Sobre o financiamento, o Reitor realçou a regra do equilíbrio orçamental: “Neste momento, abrir qualquer concurso é violar a lei do Orçamento do Estado, porque não existe um mecanismo previsto para compensar isso”. “O Reitor da UP (…) tem de cumprir a lei do Orçamento do Estado que vossas excelências votaram”, atirou António Sousa Pereira ao BE.

Por fim, o Reitor afirmou que a conclusão do processo em fevereiro “é impossível” e que a UP não fez ainda nem um terço das reuniões necessárias.

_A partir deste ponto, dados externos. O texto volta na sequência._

(* In the setting of ProxSARAH-AS applied to $\min_x F(x)=f(x)+r(x)$, $f=\frac1n\sum_{i=1}^nf_i$ (each $f_i$ differentiable, $\|\nabla f_i\|\le G_i$, $\nabla f_i$ $L_i$-Lipschitz, $r$ possibly non-convex non-smooth with existing proximal mapping, $F$ attaining its minimum $F(x^* )$, $\tilde L=\frac1n\sum_iL_i>0$), with a proper sampling of expected size $b$, a vector $v$ with $\mathbf P-pp^\top\preceq\mathrm{Diag}(p_1v_1,\dots,p_nv_n)$, $Q=\sum_{i=1}^n\frac{v_iL_i^2}{p_in^2}$, inner loop length $m$ and stepsize $\eta=\frac{1}{4\tilde L+2mQ/\tilde L}$: let $\epsilon>0$, $\Delta=F(\tilde x^1)-F(x^* )$, and take the number of epochs $\mathcal J=\frac{1}{m\epsilon^2}\big(24\tilde L+\frac{4mQ}{\tilde L}\big)\Delta$. If $x_R$ is drawn uniformly at random from $\{x_{t+1}^{(j)}:1\le t\le m,\ 1\le j\le\mathcal J\}$, then $E[\mathrm{dist}(0,\hat\partial F(x_R))]\le\epsilon$. Counting $n$ IFO calls for the full gradient of each epoch and $b$ IFO calls per inner iteration, the total number of IFO calls is $\frac{n+mb}{m\epsilon^2}\big(24\tilde L+\frac{4mQ}{\tilde L}\big)\Delta$.
   Context: An IFO (incremental first-order oracle) call takes $x$ and $i\in[n]$ and returns $(f_i(x),\nabla f_i(x))$. $\mathrm{prox}_{\eta r}(y)=\arg\min_x\{\frac1{2\eta}\|x-y\|^2+r(x)\}$. A sampling is a random subset $S\subseteq[n]$ with $p_i=\mathrm{Prob}(i\in S)>0$, $\mathbf P_{ij}=\mathrm{Prob}(\{i,j\}\subseteq S)$, $E|S|=b$. ProxSARAH-AS: for $j=1,\dots,\mathcal J$: $x_0^{(j)}=\tilde x^{(j)}$, $\mathcal V_0^{(j)}=\frac1n\sum_i\nabla f_i(x_0^{(j)})$, $x_1^{(j)}=x_0^{(j)}$; for $t=1,\dots,m$: draw $S_t^{(j)}$ independently of the past, $\mathcal V_t^{(j)}=\sum_{i\in S_t^{(j)}}\frac1{np_i}(\nabla f_i(x_t^{(j)})-\nabla f_i(x_{t-1}^{(j)}))+\mathcal V_{t-1}^{(j)}$, $x_{t+1}^{(j)}\in\mathrm{prox}_{\eta r}(x_t^{(j)}-\eta\mathcal V_t^{(j)})$; then $\tilde x^{(j+1)}=x_{m+1}^{(j)}$. $\hat\partial F$ is the Fréchet subdifferential, $\hat\partial F(x)=\{v:\liminf_{\bar x\to x}\frac{F(\bar x)-F(x)-v^\top(\bar x-x)}{\|\bar x-x\|}\ge0\}$, and $\mathrm{dist}(0,A)=\inf_{v\in A}\|v\|$. *)

theory Defs
  imports "HOL-Analysis.Analysis" "HOL-Probability.Probability"
begin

Resultados à vista, expectativas baixam

Depois da entrega de uma moção na Reitoria no dia 14 de janeiro, no final de uma concentração para contestar os resultados do programa, a Comissão de Requerentes do PREVPAP da UP e Sindicatos foram recebidos pelo Reitor da Universidade do Porto na tarde de quarta-feira (13). Apresentadas as preocupações, o Reitor, segundo Isabel Gomes, manteve uma “posição idêntica” à que foi transmitida na Comissão Parlamentar.

A investigadora prevê que “aquilo que vai acontecer no PREVPAP na UP é a regularização dos poucos vínculos precários que restam, mas nas carreiras técnicas”, ficando de fora as de docente e investigador.

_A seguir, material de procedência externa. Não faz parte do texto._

(* $R_4(VS)=58$: there is a 4-coloring of $[57]$ in which no two integers of the same color differ by a positive perfect square, and every 4-coloring of $[58]$ contains integers $a<b$ of the same color with $b-a$ a positive perfect square.
   Context: For $n\in\mathbb{N}$, $[n]=\{1,\dots,n\}$; a $c$-coloring of $[n]$ is a function $[n]\to[c]$. $R_c(VS)$ (the van der Square number) is the least positive integer $n$ such that every $c$-coloring of $[n]$ contains integers $a<b$ in $[n]$ of the same color with $b-a=x^2$ for some positive integer $x$. *)

theory Defs
  imports Main
begin

definition has_mono_square_diff :: "nat \<Rightarrow> (nat \<Rightarrow> nat) \<Rightarrow> bool" where
  "has_mono_square_diff n f \<longleftrightarrow>
     (\<exists>a b x. 1 \<le> a \<and> a < b \<and> b \<le> n \<and> f a = f b \<and> x > 0 \<and> b - a = x^2)"

definition coloring :: "nat \<Rightarrow> nat \<Rightarrow> (nat \<Rightarrow> nat) \<Rightarrow> bool" where
  "coloring c n f \<longleftrightarrow> (\<forall>i\<in>{1..n}. f i \<in> {1..c})"

definition vds_number :: "nat \<Rightarrow> nat" where
  "vds_number c = (LEAST n. n > 0 \<and> (\<forall>f. coloring c n f \<longrightarrow> has_mono_square_diff n f))"

end

theory Submission
  imports Defs
begin

text \<open>The lower bound is an explicit colouring of [57]. For the upper bound, avoiding a
  monochromatic square difference is a finite propositional condition on the atoms
  \<open>f v = k\<close>: every vertex takes one of the colours, and no colour appears at both ends of
  an edge \<open>(a, a + x\<^sup>2)\<close>. For four colours on [58] this clause set is unsatisfiable, which the
  SAT solver certifies; the explicit colouring is checked by evaluating the same condition.\<close>

lemma coloring_mono: "coloring c n f \<Longrightarrow> m \<le> n \<Longrightarrow> coloring c m f"
  unfolding coloring_def by auto

lemma has_mono_square_diff_mono:
  "has_mono_square_diff m f \<Longrightarrow> m \<le> n \<Longrightarrow> has_mono_square_diff n f"
  unfolding has_mono_square_diff_def by (meson order_trans)

lemma vds_number_eqI:
  assumes avoiding: "coloring c m g" "\<not> has_mono_square_diff m g"
    and forced: "\<And>f. coloring c (Suc m) f \<Longrightarrow> has_mono_square_diff (Suc m) f"
  shows "vds_number c = Suc m"
  unfolding vds_number_def
proof (rule Least_equality)
  show "Suc m > 0 \<and> (\<forall>f. coloring c (Suc m) f \<longrightarrow> has_mono_square_diff (Suc m) f)"
    using forced by blast
next
  fix n assume "n > 0 \<and> (\<forall>f. coloring c n f \<longrightarrow> has_mono_square_diff n f)"
  then show "Suc m \<le> n"
    using avoiding coloring_mono has_mono_square_diff_mono by (meson not_less_eq_eq)
qed

lemma avoiding_coloring_iff:
  "coloring c n f \<and> \<not> has_mono_square_diff n f \<longleftrightarrow>
     list_all (\<lambda>v. list_ex (\<lambda>k. f v = k) [1..<c + 1]) [1..<n + 1] \<and>
     list_all (\<lambda>x. list_all (\<lambda>a. list_all (\<lambda>k. \<not> (f a = k \<and> f (a + x^2) = k))
       [1..<c + 1]) [1..<n + 1 - x^2]) [1..<n]"
  (is "?lhs \<longleftrightarrow> ?vertices \<and> ?edges")
proof -
  have closed_range: "set [1..<k + 1] = {1..k}" for k :: nat
    by auto
  have start_range: "a \<in> set [1..<n + 1 - x^2] \<longleftrightarrow> 1 \<le> a \<and> a + x^2 \<le> n" for a x :: nat
    by auto
  have "coloring c n f \<longleftrightarrow> ?vertices"
    unfolding coloring_def list_all_iff list_ex_iff closed_range by blast
  moreover have "\<not> has_mono_square_diff n f \<longleftrightarrow> ?edges" if "coloring c n f"
  proof
    assume avoids: "\<not> has_mono_square_diff n f"
    show ?edges
      unfolding list_all_iff
    proof (intro ballI notI)
      fix x a k
      assume "x \<in> set [1..<n]" "a \<in> set [1..<n + 1 - x^2]" "f a = k \<and> f (a + x^2) = k"
      then have "has_mono_square_diff n f"
        unfolding has_mono_square_diff_def start_range
        by (intro exI[of _ a] exI[of _ "a + x^2"] exI[of _ x]) auto
      with avoids show False ..
    qed
  next
    assume ?edges
    show "\<not> has_mono_square_diff n f"
    proof
      assume "has_mono_square_diff n f"
      then obtain a b x where "1 \<le> a" "a < b" "b \<le> n" "f a = f b" "0 < x" "b - a = x^2"
        unfolding has_mono_square_diff_def by blast
      have "x \<in> set [1..<n]"
        using self_le_power[of x 2] \<open>0 < x\<close> \<open>b - a = x^2\<close> \<open>1 \<le> a\<close> \<open>b \<le> n\<close> by auto
      moreover have "a \<in> set [1..<n + 1 - x^2]"
        using start_range \<open>a < b\<close> \<open>b \<le> n\<close> \<open>b - a = x^2\<close> \<open>1 \<le> a\<close> by auto
      moreover have "f a \<in> set [1..<c + 1]"
        using that \<open>1 \<le> a\<close> \<open>a < b\<close> \<open>b \<le> n\<close> unfolding coloring_def closed_range by simp
      ultimately have "f (a + x^2) \<noteq> f a"
        using \<open>?edges\<close> unfolding list_all_iff by blast
      moreover have "a + x^2 = b"
        using \<open>a < b\<close> \<open>b - a = x^2\<close> by simp
      ultimately show False
        using \<open>f a = f b\<close> by simp
    qed
  qed
  ultimately show ?thesis by blast
qed

definition witness_57 :: "nat \<Rightarrow> nat" where
  "witness_57 v = [3, 1, 4, 2, 1, 3, 1, 4, 3, 1, 2, 1, 4, 3, 1, 2, 1, 2, 3, 1, 2, 1, 2, 3, 4, 2, 4, 2,
    3, 4, 2, 4, 2, 1, 4, 3, 4, 2, 1, 4, 3, 4, 3, 1, 2, 3, 4, 3, 1, 2, 3, 1, 3, 4, 2, 3, 1] ! (v - 1)"

lemma witness_57_avoids: "coloring 4 57 witness_57 \<and> \<not> has_mono_square_diff 57 witness_57"
  unfolding avoiding_coloring_iff witness_57_def by code_simp

lemma four_coloring_58_has_mono_square_diff:
  assumes "coloring 4 58 f"
  shows "has_mono_square_diff 58 f"
proof (rule ccontr)
  assume "\<not> has_mono_square_diff 58 f"
  with assms avoiding_coloring_iff[of 4 58 f]
  have "list_all (\<lambda>v. list_ex (\<lambda>k. f v = k) [1..<5]) [1..<59] \<and>
     list_all (\<lambda>x. list_all (\<lambda>a. list_all (\<lambda>k. \<not> (f a = k \<and> f (a + x^2) = k))
       [1..<5]) [1..<59 - x^2]) [1..<58]"
    by simp
  \<comment> \<open>The simplifier normalises \<open>1\<close> to \<open>Suc 0\<close>; folding \<open>Suc (Suc 0)\<close> back to \<open>2\<close> keeps the
    vertices as numerals while the ranges are unrolled.\<close>
  then show False
    by (simp (no_asm_use) add: upt_conv_Cons numeral_2_eq_2[symmetric]) sat
qed

theorem mainTheorem5:
  shows "vds_number 4 = 58
         \<and> (\<exists>f. coloring 4 57 f \<and> \<not> has_mono_square_diff 57 f)
         \<and> (\<forall>f. coloring 4 58 f \<longrightarrow> has_mono_square_diff 58 f)"
  using vds_number_eqI[of 4 57 witness_57] witness_57_avoids four_coloring_58_has_mono_square_diff
  by auto

end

“O programa em si é demasiado lato e permite diferentes interpretações”, conclui Isabel Gomes. O objetivo será “insistir numa interpretação que inclua estes investigadores e docentes, exatamente pela oportunidade de ser lido de diferentes maneiras”.

Para Renata Freitas, da Associação dos Bolseiros de Investigação Científica, há um mínimo no processo do PREVPAP. “Espero, sinceramente, que, pelo menos, eles integrem os bolseiros de Ciência e Tecnologia, é a minha expectativa mais baixa; se isto não é coberto pelo PREVPAP, não sei o que poderá ser”.

O PREVPAP

O Programa de Regularização Extraordinária de Vínculos Precários na Administração Pública tem como objetivo a “eliminação progressiva do recurso a trabalho precário e a programas de tipo ocupacional no setor público como forma de colmatar necessidades de longa duração para o funcionamento dos diferentes serviços públicos”.

Os candidatos ao programa devem ser trabalhadores da Administração direta e indireta do Estado, sem um vínculo jurídico adequado ao serviço que executam. São elegíveis funcionários que tenham “exercido funções sujeitas a poder hierárquico, de disciplina e direção, e a horário de trabalho”. As funções dos trabalhadores devem também constituir “necessidades permanentes” dos serviços ou entidades.

A análise dos requerimentos submetidos é levada a cabo pela CAB-CTES, a Comissão de Avaliação Bipartida dos Centros de Tecnologia do Ensino Superior.